1. Stop Agreeing to Things You Haven't Read High Priority
Terms of service (often written as "TOS" or "Terms and Conditions") are the legal rules you agree to follow when you use an app, website, or AI tool — but they also show up when you check in at a doctor's office, sign a contract, or create any account. They govern what an organization can do with your data, what rights you give up, and what happens if something goes wrong. Almost nobody reads them. This section changes that.

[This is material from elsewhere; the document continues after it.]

(* Let $\mathbb{A}$ be a Boolean algebra with the Grothendieck property and $(\mathbb{B},\mu)$ a metric Boolean algebra. If a sequence $(\varphi_n)$ in $\mathcal{H}(\mathbb{A},\mathbb{B})$ converges pointwise metric to $\varphi\in\mathcal{H}(\mathbb{A},\mathbb{B})$, then $(\varphi_n)$ converges pointwise Borel metric to $\varphi$.
   Context: $\mathbb{A}$ has the Grothendieck property if every weak* convergent sequence of (signed) Radon measures on the Stone space $St(\mathbb{A})$ is weakly convergent (weak* with respect to $C(St(\mathbb{A}))$, weak in $C(St(\mathbb{A}))^*$). A metric Boolean algebra $(\mathbb{B},\mu)$ is a Boolean algebra with a strictly positive finitely additive probability measure $\mu$; $d_\mu(A,B)=\mu(A\triangle B)$. $\mathcal{H}(\mathbb{A},\mathbb{B})$ is the set of homomorphisms $\mathbb{A}\to\mathbb{B}$. Algebras are identified with the clopen algebras of their Stone spaces; $\widehat{\mu}$ is the Radon extension of $\mu$ to $St(\mathbb{B})$; $f_\varphi\colon St(\mathbb{B})\to St(\mathbb{A})$, $f_\varphi(x)=\varphi^{-1}[x]$. Pointwise metric convergence: $d_\mu(\varphi_n(A),\varphi(A))\to0$ for each $A\in\mathbb{A}$. Pointwise Borel metric convergence: $\widehat{\mu}(f_{\varphi_n}^{-1}[B]\triangle f_\varphi^{-1}[B])\to0$ for every Borel $B\subseteq St(\mathbb{A})$. *)

theory Defs
  imports "HOL-Analysis.Analysis"
begin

Use AI. Paste the full terms of service — or even a picture of them — into an AI chatbot (ChatGPT, Claude, Gemini, Copilot) and ask:
"Summarize this in plain language. Highlight anything that affects my privacy, my data, or my rights. Flag anything concerning."
AI can give you personalized, real-time analysis, answer follow-up questions, and even recommend a strategy for how to respond. This works for app terms, doctor's office check-in forms, contracts, and anything else that asks you to agree to something.

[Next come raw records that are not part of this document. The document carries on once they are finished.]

(* w n x is the probability of the history x up to time n, and lam (Suc n) x the conditional
   probability of an arrival at time n + 1 given x. *)
locale history_chain =
  fixes w lam :: "nat \<Rightarrow> (nat \<Rightarrow> bool) \<Rightarrow> real"
  assumes w_0: "w 0 (\<lambda>_. False) = 1"
    and w_Suc_False: "\<And>n x. x \<in> histories n \<Longrightarrow> w (Suc n) x = (1 - lam (Suc n) x) * w n x"
    and w_Suc_True: "\<And>n x. x \<in> histories n \<Longrightarrow> w (Suc n) (x(Suc n := True)) = lam (Suc n) x * w n x"
    and lam_nonneg: "\<And>n x. 0 \<le> lam n x"
    and lam_le_1: "\<And>n x. lam n x \<le> 1"
    and mono_lam: "\<And>n. mono (lam n)"
begin

definition expect :: "nat \<Rightarrow> ((nat \<Rightarrow> bool) \<Rightarrow> real) \<Rightarrow> real" where
  "expect n F = (\<Sum>x\<in>histories n. F x * w n x)"

lemma expect_cong: "(\<And>x. x \<in> histories n \<Longrightarrow> F x = G x) \<Longrightarrow> expect n F = expect n G"
  unfolding expect_def by (auto intro: sum.cong)

lemma expect_cmult: "expect n (\<lambda>x. c * F x) = c * expect n F"
  unfolding expect_def by (simp add: sum_distrib_left mult.assoc)

lemma expect_add: "expect n (\<lambda>x. F x + G x) = expect n F + expect n G"
  unfolding expect_def by (simp add: sum.distrib distrib_right)

lemma expect_uminus: "expect n (\<lambda>x. - F x) = - expect n F"
  unfolding expect_def by (simp add: sum_negf)

lemma expect_sum: "expect n (\<lambda>x. \<Sum>i\<in>I. F i x) = (\<Sum>i\<in>I. expect n (F i))"
  unfolding expect_def by (simp add: sum_distrib_right sum.swap[of _ I])

lemma expect_Suc:
  "expect (Suc n) F =
     expect n (\<lambda>x. (1 - lam (Suc n) x) * F x + lam (Suc n) x * F (x(Suc n := True)))"
  unfolding expect_def sum_histories_Suc
  by (rule sum.cong) (auto simp: w_Suc_False w_Suc_True algebra_simps)

lemma w_nonneg: "x \<in> histories n \<Longrightarrow> 0 \<le> w n x"
proof (induction n arbitrary: x)
  case 0
  then show ?case by (simp add: histories_0 w_0)
next
  case (Suc n)
  then consider "x \<in> histories n" | y where "y \<in> histories n" "x = y(Suc n := True)"
    by (auto simp: histories_Suc)
  then show ?case
  proof cases
    case 1
    then show ?thesis
      using Suc.IH w_Suc_False lam_le_1[of "Suc n" x] by simp
  next
    case 2
    then show ?thesis
      unfolding \<open>x = _\<close> w_Suc_True[OF 2(1)]
      using Suc.IH lam_nonneg by simp
  qed
qed

lemma expect_mono: "(\<And>x. x \<in> histories n \<Longrightarrow> F x \<le> G x) \<Longrightarrow> expect n F \<le> expect n G"
  unfolding expect_def by (rule sum_mono) (simp add: mult_right_mono w_nonneg)

lemma expect_const: "expect n (\<lambda>_. c) = c"
proof (induction n)
  case 0
  then show ?case by (simp add: expect_def histories_0 w_0)
next
  case (Suc n)
  then show ?case by (simp add: expect_Suc algebra_simps)
qed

Use ToS;DR for quick ratings. ToS;DR (Terms of Service; Didn't Read) is a nonprofit, volunteer-run project that rates services from Grade A (treats you fairly) to Grade E (serious concerns). It's available as a free browser extension. Limitation: it only covers about 1,000+ services, so your niche app may not be rated. Use both tools together — ToS;DR for quick ratings, AI for deep dives.
If you won't read it and won't use a tool, don't agree to it.
A note on what doesn't exist yet: There's no consumer-grade, standalone app that automatically reviews terms of service for everyday people. The tools that exist are either browser extensions or require you to manually paste text into an AI chatbot. This is a gap in the market and a genuine need. If you're a funder, technologist, or policymaker reading this: this is a grantable project.
Usually, nothing happens immediately. And that's the problem. The risk is cumulative and invisible.
When you agree to terms without reading them, you may be granting a company the right to: collect and sell your behavioral data to third parties, use your conversations and inputs to train AI models, track your location continuously, change the terms at any time without notifying you, waive your right to sue (forced arbitration), and share your data with government agencies upon request.
The risk to you: Over years, your data gets collected, profiled, and aggregated. By the time it matters (a data breach that exposes your information, an insurance company that uses your data to set premiums, a hiring algorithm that screens you out, a surveillance system that flags you for something you said online), the damage is done and you can't trace it back to a single click.
The risk to people you love: Your data doesn't exist in isolation. When you share contact lists, photos, location data, and messages, you're sharing information about the people in your life who never consented to being in that company's database.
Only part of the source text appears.